Wei Siwei, Xu Xiangyuan, Liu Dewen, Wang Chunzhi, Yan Lingyu, Wu Wangyu
School of Computer Science, Hubei University of Technology, Wuhan 430068, China.
CCCC Second Harbor Engineering Company Ltd., Wuhan 430056, China.
Sensors (Basel). 2025 Jun 16;25(12):3759. doi: 10.3390/s25123759.

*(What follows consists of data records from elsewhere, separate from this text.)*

lemma binom_sym_eq_binom_sym_on_support:
  assumes a0: "a 0 = 1" and fin: "finite {i. y i \<noteq> 0}"
  shows "binom_sym a n y = binom_sym_on a {i. y i \<noteq> 0} n y"
  unfolding binom_sym_eq_sum_exponent_vectors[OF fin] binom_sym_on_def
proof (rule sum.cong[OF refl])
  fix \<alpha> assume "\<alpha> \<in> weak_compositions {i. y i \<noteq> 0} n"
  then have "{i. \<alpha> i \<noteq> 0} \<subseteq> {i. y i \<noteq> 0}"
    by (simp add: weak_compositions_def)
  then have "(\<Prod>i | y i \<noteq> 0. fact (\<alpha> i)) = (\<Prod>i | \<alpha> i \<noteq> 0. fact (\<alpha> i) :: nat)"
    and "(\<Prod>i | y i \<noteq> 0. a (\<alpha> i) * y i ^ \<alpha> i) = (\<Prod>i | \<alpha> i \<noteq> 0. a (\<alpha> i) * y i ^ \<alpha> i)"
    using fin a0 by (intro prod.mono_neutral_right; auto)+
  then show "of_nat (fact n) / of_nat (\<Prod>i | \<alpha> i \<noteq> 0. fact (\<alpha> i))
        * (\<Prod>i | \<alpha> i \<noteq> 0. a (\<alpha> i)) * (\<Prod>i | \<alpha> i \<noteq> 0. y i ^ \<alpha> i)
      = of_nat (fact n) / of_nat (\<Prod>i | y i \<noteq> 0. fact (\<alpha> i))
        * (\<Prod>i | y i \<noteq> 0. a (\<alpha> i) * y i ^ \<alpha> i)"
    by (simp only: prod.distrib mult.assoc)
qed

lemma binom_sym_eq_binom_sym_on:
  assumes "a 0 = 1" and "finite S" and "{i. y i \<noteq> 0} \<subseteq> S"
  shows "binom_sym a n y = binom_sym_on a S n y"
  using assms finite_subset[OF assms(3,2)]
  by (simp add: binom_sym_eq_binom_sym_on_support binom_sym_on_superset)

lemma binom_sym_single_variable:
  assumes "a 0 = 1"
  shows "binom_sym a k (prepend_var c (\<lambda>_. 0)) = a k * c ^ k"
proof -
  have "binom_sym a k (prepend_var c (\<lambda>_. 0)) = binom_sym_on a {0} k (prepend_var c (\<lambda>_. 0))"
    using assms by (intro binom_sym_eq_binom_sym_on) (auto simp: prepend_var_def)
  then show ?thesis
    by (simp add: binom_sym_on_singleton prepend_var_def)
qed
definition Qtilde :: "'b measure \<Rightarrow> ('b \<Rightarrow> 'a) \<Rightarrow> ('b \<Rightarrow> int) \<Rightarrow> ('a \<Rightarrow> int) \<Rightarrow> int \<Rightarrow> int \<Rightarrow> real" where
  "Qtilde M X Yt h y y' =
     measure M {\<omega>\<in>space M. h (X \<omega>) = y} * measure M {\<omega>\<in>space M. Yt \<omega> = y'}"

end

theory Submission
  imports Defs
begin

text \<open>Split the event h(X) = y by the clean label: with a = P(h(X) = y, Y = +1),
  b = P(h(X) = y, Y = -1), p = P(Y = +1) and q = P(Y = -1), the conditional independence of the
  flips gives P~(y,+1) = (1-ep)a + em b and Q~(y,+1) = (a+b)((1-ep)p + em q), so that
  P~(y,+1) - Q~(y,+1) = (1-ep-em)(aq - bp). Since |aq - bp| \<le> a + b and
  (1-ep)p + em q \<ge> p/2 for ep < 1/2, the relative deviation is at most
  2(1-ep-em)/p \<le> 2(1-ep-em)/(pq); if pq = 0 then aq = bp = 0 and there is no deviation.
  The case y' = -1 is the same with the two labels exchanged, and the constant 2/(pq) only
  depends on the law D of (X,Y).\<close>

lemma abs_cross_diff_le:
  fixes a b p q :: real
  assumes "0 \<le> a" "a \<le> p" "0 \<le> b" "b \<le> q" "p + q = 1"
  shows "\<bar>a * q - b * p\<bar> \<le> a + b"
proof -
  have "a * q \<le> a" "b * p \<le> b"
    using assms by (auto intro: mult_left_le)
  moreover have "0 \<le> a * q" "0 \<le> b * p"
    using assms by auto
  ultimately show ?thesis by linarith
qed

lemma flip_mixture_deviation_le:
  fixes a b p q ep em :: real
  assumes "0 \<le> a" "a \<le> p" "0 \<le> b" "b \<le> q" "p + q = 1"
    and "ep \<le> 1/2" "0 \<le> em" "ep + em \<le> 1"
    and nonzero: "(a + b) * ((1 - ep) * p + em * q) \<noteq> 0"
  shows "\<bar>((1 - ep) * a + em * b) / ((a + b) * ((1 - ep) * p + em * q)) - 1\<bar>
           \<le> 2 / (p * q) * (1 - ep - em)"
proof -
  define k where "k = 1 - ep - em"
  define T where "T = (1 - ep) * p + em * q"
  have "k \<ge> 0" "p \<ge> 0" "q \<ge> 0"
    using assms unfolding k_def by linarith+
  have "T \<ge> p / 2"
  proof -
    have "1 / 2 * p \<le> (1 - ep) * p"
      using assms \<open>p \<ge> 0\<close> by (intro mult_right_mono) auto
    moreover have "0 \<le> em * q"
      using assms \<open>q \<ge> 0\<close> by simp
    ultimately show ?thesis
      unfolding T_def by linarith
  qed
  have "a + b > 0" "T > 0"
    using nonzero[folded T_def] \<open>T \<ge> p / 2\<close> \<open>p \<ge> 0\<close> assms(1,3) by (auto simp: less_le)
  have deviation: "((1 - ep) * a + em * b) / ((a + b) * T) - 1 = k * (a * q - b * p) / ((a + b) * T)"
  proof -
    have q: "q = 1 - p"
      using \<open>p + q = 1\<close> by simp
    have numerator: "(1 - ep) * a + em * b - (a + b) * T = k * (a * q - b * p)"
      unfolding k_def T_def q by (simp add: algebra_simps)
    have "(a + b) * T \<noteq> 0"
      using \<open>a + b > 0\<close> \<open>T > 0\<close> by simp
    then have "((1 - ep) * a + em * b) / ((a + b) * T) - 1
        = ((1 - ep) * a + em * b - (a + b) * T) / ((a + b) * T)"
      by (simp add: diff_divide_distrib)
    then show ?thesis
      unfolding numerator .
  qed
  have "\<bar>k * (a * q - b * p) / ((a + b) * T)\<bar> \<le> 2 / (p * q) * k"
  proof (cases "p * q = 0")
    case True
    then have "a * q - b * p = 0"
      using assms by auto
    then have "\<bar>k * (a * q - b * p) / ((a + b) * T)\<bar> = 0"
      by simp
    also have "\<dots> = 2 / (p * q) * k"
      unfolding True by simp
    finally show ?thesis
      by simp
  next
    case False
    then have "p > 0" "q > 0" "q \<le> 1"
      using \<open>p \<ge> 0\<close> \<open>q \<ge> 0\<close> \<open>p + q = 1\<close> by auto
    have "\<bar>k * (a * q - b * p) / ((a + b) * T)\<bar> = k * \<bar>a * q - b * p\<bar> / ((a + b) * T)"
      using \<open>k \<ge> 0\<close> \<open>a + b > 0\<close> \<open>T > 0\<close> by (simp add: abs_mult abs_divide)
    also have "\<dots> \<le> k * (a + b) / ((a + b) * T)"
      using abs_cross_diff_le[OF assms(1-5)] \<open>k \<ge> 0\<close> \<open>a + b > 0\<close> \<open>T > 0\<close>
      by (intro divide_right_mono mult_left_mono) auto
    also have "\<dots> = k / T"
      using \<open>a + b > 0\<close> by simp
    also have "\<dots> \<le> k / (p / 2)"
      using \<open>T \<ge> p / 2\<close> \<open>p > 0\<close> \<open>k \<ge> 0\<close> by (intro divide_left_mono) auto
    also have "\<dots> \<le> 2 / (p * q) * k"
      using \<open>p > 0\<close> \<open>q > 0\<close> \<open>q \<le> 1\<close> \<open>k \<ge> 0\<close> by (simp add: field_simps mult_left_le)
    finally show ?thesis .
  qed
  then show ?thesis
    unfolding deviation[symmetric] unfolding k_def T_def .
qed

lemma measure_split_by_label:
  fixes L :: "'b \<Rightarrow> int"
  assumes "finite_measure M" and [measurable]: "{\<omega>\<in>space M. P \<omega>} \<in> sets M"
    and [measurable]: "L \<in> measurable M (count_space UNIV)"
    and "\<forall>\<omega>\<in>space M. L \<omega> \<in> {-1, 1}"
  shows "measure M {\<omega>\<in>space M. P \<omega>}
           = measure M {\<omega>\<in>space M. P \<omega> \<and> L \<omega> = 1} + measure M {\<omega>\<in>space M. P \<omega> \<and> L \<omega> = -1}"
proof -
  interpret finite_measure M by fact
  have "{\<omega>\<in>space M. P \<omega>} = {\<omega>\<in>space M. P \<omega> \<and> L \<omega> = 1} \<union> {\<omega>\<in>space M. P \<omega> \<and> L \<omega> = -1}"
    using assms(4) by auto
  moreover have "{\<omega>\<in>space M. P \<omega> \<and> L \<omega> = c} \<in> sets M" for c
    by measurable
  ultimately show ?thesis
    by (auto intro!: finite_measure_Union)
qed

lemma noisy_label_modelD:
  assumes "noisy_label_model M S D X Y Yt ep em"
  shows "prob_space M" and "X \<in> measurable M S" and "Y \<in> measurable M (count_space UNIV)"
    and "Yt \<in> measurable M (count_space UNIV)" and "\<forall>\<omega>\<in>space M. Y \<omega> \<in> {-1, 1}"
  using assms unfolding noisy_label_model_def by auto

lemma noisy_label_model_measure_Yt:
  assumes model: "noisy_label_model M S D X Y Yt ep em" and A: "A \<in> sets S"
  shows "measure M {\<omega>\<in>space M. X \<omega> \<in> A \<and> Yt \<omega> = 1}
           = (1 - ep) * measure M {\<omega>\<in>space M. X \<omega> \<in> A \<and> Y \<omega> = 1}
             + em * measure M {\<omega>\<in>space M. X \<omega> \<in> A \<and> Y \<omega> = -1}"
    and "measure M {\<omega>\<in>space M. X \<omega> \<in> A \<and> Yt \<omega> = -1}
           = ep * measure M {\<omega>\<in>space M. X \<omega> \<in> A \<and> Y \<omega> = 1}
             + (1 - em) * measure M {\<omega>\<in>space M. X \<omega> \<in> A \<and> Y \<omega> = -1}"
proof -
  note [measurable] = noisy_label_modelD(2-4)[OF model] A
  note labels = noisy_label_modelD(5)[OF model]
  have "finite_measure M"
    using noisy_label_modelD(1)[OF model] by (simp add: prob_space.finite_measure)
  have split: "measure M {\<omega>\<in>space M. X \<omega> \<in> A \<and> Yt \<omega> = c}
      = measure M {\<omega>\<in>space M. X \<omega> \<in> A \<and> Y \<omega> = 1 \<and> Yt \<omega> = c}
        + measure M {\<omega>\<in>space M. X \<omega> \<in> A \<and> Y \<omega> = -1 \<and> Yt \<omega> = c}" for c :: int
  proof -
    have "measure M {\<omega>\<in>space M. X \<omega> \<in> A \<and> Yt \<omega> = c}
        = measure M {\<omega>\<in>space M. (X \<omega> \<in> A \<and> Yt \<omega> = c) \<and> Y \<omega> = 1}
          + measure M {\<omega>\<in>space M. (X \<omega> \<in> A \<and> Yt \<omega> = c) \<and> Y \<omega> = -1}"
      by (rule measure_split_by_label[OF \<open>finite_measure M\<close> _ _ labels]) measurable
    then show ?thesis
      by (simp only: conj_assoc conj_comms)
  qed
  show "measure M {\<omega>\<in>space M. X \<omega> \<in> A \<and> Yt \<omega> = 1}
           = (1 - ep) * measure M {\<omega>\<in>space M. X \<omega> \<in> A \<and> Y \<omega> = 1}
             + em * measure M {\<omega>\<in>space M. X \<omega> \<in> A \<and> Y \<omega> = -1}"
       "measure M {\<omega>\<in>space M. X \<omega> \<in> A \<and> Yt \<omega> = -1}
           = ep * measure M {\<omega>\<in>space M. X \<omega> \<in> A \<and> Y \<omega> = 1}
             + (1 - em) * measure M {\<omega>\<in>space M. X \<omega> \<in> A \<and> Y \<omega> = -1}"
    using model A unfolding split noisy_label_model_def by auto
qed

lemma noisy_label_model_measure_Y:
  assumes model: "noisy_label_model M S D X Y Yt ep em"
  shows "measure M {\<omega>\<in>space M. Y \<omega> = y} = measure D (space S \<times> {y})"
proof -
  note [measurable] = noisy_label_modelD(2,3)[OF model]
  have "measure D (space S \<times> {y})
      = measure M ((\<lambda>\<omega>. (X \<omega>, Y \<omega>)) -` (space S \<times> {y}) \<inter> space M)"
    using model unfolding noisy_label_model_def by (auto intro!: measure_distr)
  also have "(\<lambda>\<omega>. (X \<omega>, Y \<omega>)) -` (space S \<times> {y}) \<inter> space M = {\<omega>\<in>space M. Y \<omega> = y}"
    using measurable_space[OF noisy_label_modelD(2)[OF model]] by auto
  finally show ?thesis ..
qed

lemma noisy_label_model_label_measures_sum:
  assumes model: "noisy_label_model M S D X Y Yt ep em"
  shows "measure D (space S \<times> {1}) + measure D (space S \<times> {-1}) = 1"
proof -
  interpret prob_space M
    using noisy_label_modelD(1)[OF model] .
  note [measurable] = noisy_label_modelD(3)[OF model]
  have "measure M {\<omega>\<in>space M. True}
      = measure M {\<omega>\<in>space M. True \<and> Y \<omega> = 1} + measure M {\<omega>\<in>space M. True \<and> Y \<omega> = -1}"
    by (rule measure_split_by_label[OF finite_measure _ _ noisy_label_modelD(5)[OF model]]) measurable
  then show ?thesis
    by (simp add: prob_space noisy_label_model_measure_Y[OF model])
qed

lemma noisy_label_model_measure_Y_le:
  assumes model: "noisy_label_model M S D X Y Yt ep em"
  shows "measure M {\<omega>\<in>space M. P \<omega> \<and> Y \<omega> = y} \<le> measure D (space S \<times> {y})"
proof -
  interpret prob_space M
    using noisy_label_modelD(1)[OF model] .
  note [measurable] = noisy_label_modelD(3)[OF model]
  have "measure M {\<omega>\<in>space M. P \<omega> \<and> Y \<omega> = y} \<le> measure M {\<omega>\<in>space M. Y \<omega> = y}"
    by (intro finite_measure_mono) auto
  then show ?thesis
    unfolding noisy_label_model_measure_Y[OF model] .
qed

lemma noisy_label_model_Ptilde_Qtilde:
  fixes y :: int
  assumes model: "noisy_label_model M S D X Y Yt ep em"
    and h: "h \<in> measurable S (count_space UNIV)"
  defines "a \<equiv> measure M {\<omega>\<in>space M. h (X \<omega>) = y \<and> Y \<omega> = 1}"
    and "b \<equiv> measure M {\<omega>\<in>space M. h (X \<omega>) = y \<and> Y \<omega> = -1}"
    and "p \<equiv> measure D (space S \<times> {1})"
    and "q \<equiv> measure D (space S \<times> {-1})"
  shows "Ptilde M X Yt h y 1 = (1 - ep) * a + em * b"
    and "Qtilde M X Yt h y 1 = (a + b) * ((1 - ep) * p + em * q)"
    and "Ptilde M X Yt h y (-1) = (1 - em) * b + ep * a"
    and "Qtilde M X Yt h y (-1) = (b + a) * ((1 - em) * q + ep * p)"
proof -
  interpret prob_space M
    using noisy_label_modelD(1)[OF model] .
  note [measurable] = noisy_label_modelD(2,3)[OF model] h
  define A where "A = h -` {y} \<inter> space S"
  have [measurable]: "A \<in> sets S"
    unfolding A_def by measurable
  have "X \<omega> \<in> space S" if "\<omega> \<in> space M" for \<omega>
    using measurable_space[OF noisy_label_modelD(2)[OF model] that] .
  then have X_A: "{\<omega>\<in>space M. h (X \<omega>) = y \<and> Z \<omega> = c} = {\<omega>\<in>space M. X \<omega> \<in> A \<and> Z \<omega> = c}"
    and X_S: "{\<omega>\<in>space M. Z \<omega> = c} = {\<omega>\<in>space M. X \<omega> \<in> space S \<and> Z \<omega> = c}"
    for Z :: "_ \<Rightarrow> int" and c
    unfolding A_def by auto
  have "measure M {\<omega>\<in>space M. h (X \<omega>) = y}
      = measure M {\<omega>\<in>space M. h (X \<omega>) = y \<and> Y \<omega> = 1} + measure M {\<omega>\<in>space M. h (X \<omega>) = y \<and> Y \<omega> = -1}"
    by (rule measure_split_by_label[OF finite_measure _ _ noisy_label_modelD(5)[OF model]]) measurable
  then have h_measure: "measure M {\<omega>\<in>space M. h (X \<omega>) = y} = a + b"
    unfolding a_def b_def .
  note Yt_A = noisy_label_model_measure_Yt[OF model \<open>A \<in> sets S\<close>, folded X_A]
  note Yt_S = noisy_label_model_measure_Yt[OF model sets.top, folded X_S,
      unfolded noisy_label_model_measure_Y[OF model]]
  show "Ptilde M X Yt h y 1 = (1 - ep) * a + em * b"
    and "Qtilde M X Yt h y 1 = (a + b) * ((1 - ep) * p + em * q)"
    and "Ptilde M X Yt h y (-1) = (1 - em) * b + ep * a"
    and "Qtilde M X Yt h y (-1) = (b + a) * ((1 - em) * q + ep * p)"
    unfolding Ptilde_def Qtilde_def h_measure Yt_A Yt_S a_def b_def p_def q_def
    by (simp_all add: ac_simps)
qed
lemma ex_less_block_iff:
  assumes "y < (n::nat)"
  shows "(\<exists>r < t * n + y. Q r) \<longleftrightarrow> (\<exists>t'<t. \<exists>y'<n. Q (t' * n + y')) \<or> (\<exists>y'<y. Q (t * n + y'))"
proof
  assume "\<exists>r < t * n + y. Q r"
  then obtain r where r: "r < t * n + y" "Q r"
    by blast
  have r_eq: "r div n * n + r mod n = r" and r_mod: "r mod n < n"
    using assms by simp_all
  show "(\<exists>t'<t. \<exists>y'<n. Q (t' * n + y')) \<or> (\<exists>y'<y. Q (t * n + y'))"
  proof (cases "r div n < t")
    case True
    then show ?thesis
      using r r_eq r_mod by metis
  next
    case False
    have "r div n < Suc t"
      using r assms by (simp add: div_less_iff_less_mult)
    with False have "r div n = t"
      by simp
    with r r_eq have "r mod n < y" "Q (t * n + r mod n)"
      by auto
    then show ?thesis
      by blast
  qed
next
  assume "(\<exists>t'<t. \<exists>y'<n. Q (t' * n + y')) \<or> (\<exists>y'<y. Q (t * n + y'))"
  then show "\<exists>r < t * n + y. Q r"
  proof (elim disjE exE conjE)
    fix t' y'
    assume "t' < t" "y' < n" "Q (t' * n + y')"
    moreover have "t' * n + y' < t * n + y"
      using less_mult_block[OF \<open>t' < t\<close> \<open>y' < n\<close>] by linarith
    ultimately show ?thesis
      by blast
  qed (metis add_less_cancel_left)
qed

definition Below_bits :: "'r bits_fo \<times> 'r bits_fo \<Rightarrow> nat \<Rightarrow> nat \<Rightarrow> 'r fo" where
  "Below_bits UV k t =
     (let Bit = (\<lambda>t'. Disj (fst UV (Suc (Suc k)) t' (Suc k)) (snd UV (Suc (Suc k)) t' (Suc k)))
      in Disj (Disjs (map (\<lambda>t'. Ex (Suc k) (Bit t')) [0..<t]))
              (Ex (Suc k) (Conj (Less (Suc k) k) (Bit t))))"

lemma sat_Below_bits:
  assumes UV: "defines_pair n J UV uv" and "0 < k" "t < nblocks" "w 0 < n" "w k < n"
  shows "sat n J (Below_bits UV k t) w \<longleftrightarrow> (\<exists>r < t * n + w k. fst (uv (w 0)) r \<or> snd (uv (w 0)) r)"
proof -
  have U: "defines_bits n J (fst UV) (\<lambda>a. fst (uv a))" and V: "defines_bits n J (snd UV) (\<lambda>a. snd (uv a))"
    using UV by (simp_all add: defines_pair_def)
  let ?B = "\<lambda>p. fst (uv (w 0)) p \<or> snd (uv (w 0)) p"
  have bits: "sat n J (fst UV (Suc (Suc k)) t' (Suc k)) (w(Suc k := y)) \<longleftrightarrow> fst (uv (w 0)) (t' * n + y)"
    "sat n J (snd UV (Suc (Suc k)) t' (Suc k)) (w(Suc k := y)) \<longleftrightarrow> snd (uv (w 0)) (t' * n + y)"
    if "t' < nblocks" "y < n" for t' y
    using defines_bits_upd[OF U, of "Suc k" "Suc (Suc k)" t' w y]
      defines_bits_upd[OF V, of "Suc k" "Suc (Suc k)" t' w y] that assms(4)
    by simp_all
  have "sat n J (Below_bits UV k t) w \<longleftrightarrow>
      (\<exists>t'<t. \<exists>y<n. ?B (t' * n + y)) \<or> (\<exists>y < w k. ?B (t * n + y))"
    using assms(2-5) by (auto simp: Below_bits_def bits)
  also have "\<dots> \<longleftrightarrow> (\<exists>r < t * n + w k. ?B r)"
    using assms(5) by (rule ex_less_block_iff[symmetric])
  finally show ?thesis .
qed

definition Zero_test :: "'r bits_fo \<times> 'r bits_fo \<Rightarrow> nat \<Rightarrow> 'r fo" where
  "Zero_test UV k = Conjs (map (\<lambda>t. Neg (Ex k
     (Xor (Xor (fst UV (Suc k) t k) (snd UV (Suc k) t k)) (Below_bits UV k t)))) [0..<nblocks])"

lemma sat_Zero_test:
  assumes UV: "defines_pair n J UV uv" and k: "0 < k" and w: "w 0 < n"
  shows "sat n J (Zero_test UV k) w \<longleftrightarrow> carry_pattern (fst (uv (w 0))) (snd (uv (w 0))) (nblocks * n)"
proof -
  have U: "defines_bits n J (fst UV) (\<lambda>a. fst (uv a))" and V: "defines_bits n J (snd UV) (\<lambda>a. snd (uv a))"
    using UV by (simp_all add: defines_pair_def)
  let ?u = "fst (uv (w 0))" and ?v = "snd (uv (w 0))"
  have bits: "sat n J (fst UV (Suc k) t k) (w(k := y)) \<longleftrightarrow> ?u (t * n + y)"
    "sat n J (snd UV (Suc k) t k) (w(k := y)) \<longleftrightarrow> ?v (t * n + y)"
    "sat n J (Below_bits UV k t) (w(k := y)) \<longleftrightarrow> (\<exists>r < t * n + y. ?u r \<or> ?v r)"
    if "t < nblocks" "y < n" for t y
    using defines_bits_upd[OF U, of k "Suc k" t w y] defines_bits_upd[OF V, of k "Suc k" t w y]
      sat_Below_bits[OF UV k that(1), of "w(k := y)"] that k w
    by simp_all
  have "sat n J (Zero_test UV k) w \<longleftrightarrow> (\<forall>t<nblocks. \<forall>y<n.
      \<not> sat n J (Xor (Xor (fst UV (Suc k) t k) (snd UV (Suc k) t k)) (Below_bits UV k t)) (w(k := y)))"
    by (auto simp: Zero_test_def simp del: sat_Xor)
  also have "\<dots> \<longleftrightarrow>
      (\<forall>t<nblocks. \<forall>y<n. (?u (t * n + y) \<noteq> ?v (t * n + y)) \<longleftrightarrow> (\<exists>r < t * n + y. ?u r \<or> ?v r))"
    by (simp add: bits)
  also have "\<dots> \<longleftrightarrow> carry_pattern ?u ?v (nblocks * n)"
    unfolding carry_pattern_def by (rule all_less_mult_iff[symmetric])
  finally show ?thesis .
qed

section \<open>Minors and collinearity\<close>

definition quad_val :: "('c \<Rightarrow> int) \<Rightarrow> (bool \<times> 'c \<times> 'c) list \<Rightarrow> int" where
  "quad_val x ms = signed_sum (\<lambda>(c1, c2). x c1 * x c2) ms"

definition partial_terms :: "'c \<Rightarrow> (bool \<times> 'c \<times> 'c) list \<Rightarrow> (bool \<times> 'c) list" where
  "partial_terms s ms = concat (map (\<lambda>(pos, c1, c2).
     (if c1 = s then [(pos, c2)] else []) @ (if c2 = s then [(pos, c1)] else [])) ms)"

lemma quad_val_update:
  assumes "\<forall>(pos, c1, c2)\<in>set ms. c1 \<noteq> c2"
  shows "quad_val (x(s := x s + \<delta>)) ms = quad_val x ms + \<delta> * signed_sum x (partial_terms s ms)"
  using assms
proof (induction ms)
  case (Cons m ms)
  obtain pos c1 c2 where m: "m = (pos, c1, c2)"
    by (cases m)
  with Cons.prems have "c1 \<noteq> c2"
    by simp
  with Cons show ?case
    by (cases "c1 = s"; cases "c2 = s")
      (auto simp: m quad_val_def partial_terms_def signed_sum_def algebra_simps)
qed (simp add: quad_val_def partial_terms_def)

lemma signed_sum_map_neg: "signed_sum x (map (apfst Not) ts) = - signed_sum x ts"
  by (induction ts) auto

text \<open>The expansion of the minor \<open>(p2_i - p1_i) (p3_j - p1_j) - (p2_j - p1_j) (p3_i - p1_i)\<close>.
  Every monomial multiplies coordinates of two different points, so changing one coordinate
  changes the minor by a linear form in the other coordinates.\<close>

definition minor_monomials :: "'d \<Rightarrow> 'd \<Rightarrow> (bool \<times> (pt \<times> 'd) \<times> (pt \<times> 'd)) list" where
  "minor_monomials i j =
     [(True, (P2, i), (P3, j)), (True, (P1, j), (P3, i)), (True, (P2, j), (P1, i)),
      (False, (P2, j), (P3, i)), (False, (P2, i), (P1, j)), (False, (P1, i), (P3, j))]"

Gait recognition, as a non-contact biometric technology, offers unique advantages in scenarios requiring long-distance identification without active cooperation from subjects. However, existing gait recognition methods predominantly rely on single-modal data, which demonstrates insufficient feature expression capabilities when confronted with complex factors in real-world environments, including viewpoint variations, clothing differences, occlusion problems, and illumination changes. This paper addresses these challenges by introducing a multi-modal gait recognition network based on channel shuffle regulation and spatial-frequency joint learning, which integrates two complementary modalities (silhouette data and heatmap data) to construct a more comprehensive gait representation. The channel shuffle-based feature selective regulation module achieves cross-channel information interaction and feature enhancement through channel grouping and feature shuffling strategies. This module divides input features along the channel dimension into multiple subspaces, which undergo channel-aware and spatial-aware processing to capture dependency relationships across different dimensions. Subsequently, channel shuffling operations facilitate information exchange between different semantic groups, achieving adaptive enhancement and optimization of features with relatively low parameter overhead. The spatial-frequency joint learning module maps spatiotemporal features to the spectral domain through fast Fourier transform, effectively capturing inherent periodic patterns and long-range dependencies in gait sequences. The global receptive field advantage of frequency domain processing enables the model to transcend local spatiotemporal constraints and capture global motion patterns. Concurrently, the spatial domain processing branch balances the contributions of frequency and spatial domain information through an adaptive weighting mechanism, maintaining computational efficiency while enhancing features. Experimental results demonstrate that the proposed GaitCSF model achieves significant performance improvements on mainstream datasets including GREW, Gait3D, and SUSTech1k, breaking through the performance bottlenecks of traditional methods. The implications of this research are significant for improving the performance and robustness of gait recognition systems when implemented in practical application scenarios.
步态识别作为一种非接触式生物识别技术,在需要远距离识别且无需主体主动配合的场景中具有独特优势。然而,现有的步态识别方法主要依赖单模态数据,在面对现实环境中的复杂因素时,其特征表达能力不足,这些因素包括视角变化、服装差异、遮挡问题和光照变化。本文通过引入一种基于通道混洗调节和空间频率联合学习的多模态步态识别网络来应对这些挑战,该网络整合了两种互补模态(轮廓数据和热图数据)以构建更全面的步态表示。基于通道混洗的特征选择性调节模块通过通道分组和特征混洗策略实现跨通道信息交互和特征增强。该模块将输入特征沿通道维度划分为多个子空间,对其进行通道感知和空间感知处理,以捕获不同维度之间的依赖关系。随后,通道混洗操作促进不同语义组之间的信息交换,以相对较低的参数开销实现特征的自适应增强和优化。空间频率联合学习模块通过快速傅里叶变换将时空特征映射到频域,有效捕获步态序列中固有的周期性模式和长程依赖关系。频域处理的全局感受野优势使模型能够超越局部时空约束并捕获全局运动模式。同时,空间域处理分支通过自适应加权机制平衡频域和空间域信息的贡献,在增强特征的同时保持计算效率。实验结果表明,所提出的GaitCSF模型在包括GREW、Gait3D和SUSTech1k在内的主流数据集上取得了显著的性能提升,突破了传统方法的性能瓶颈。本研究对于在实际应用场景中实现时提高步态识别系统的性能和鲁棒性具有重要意义。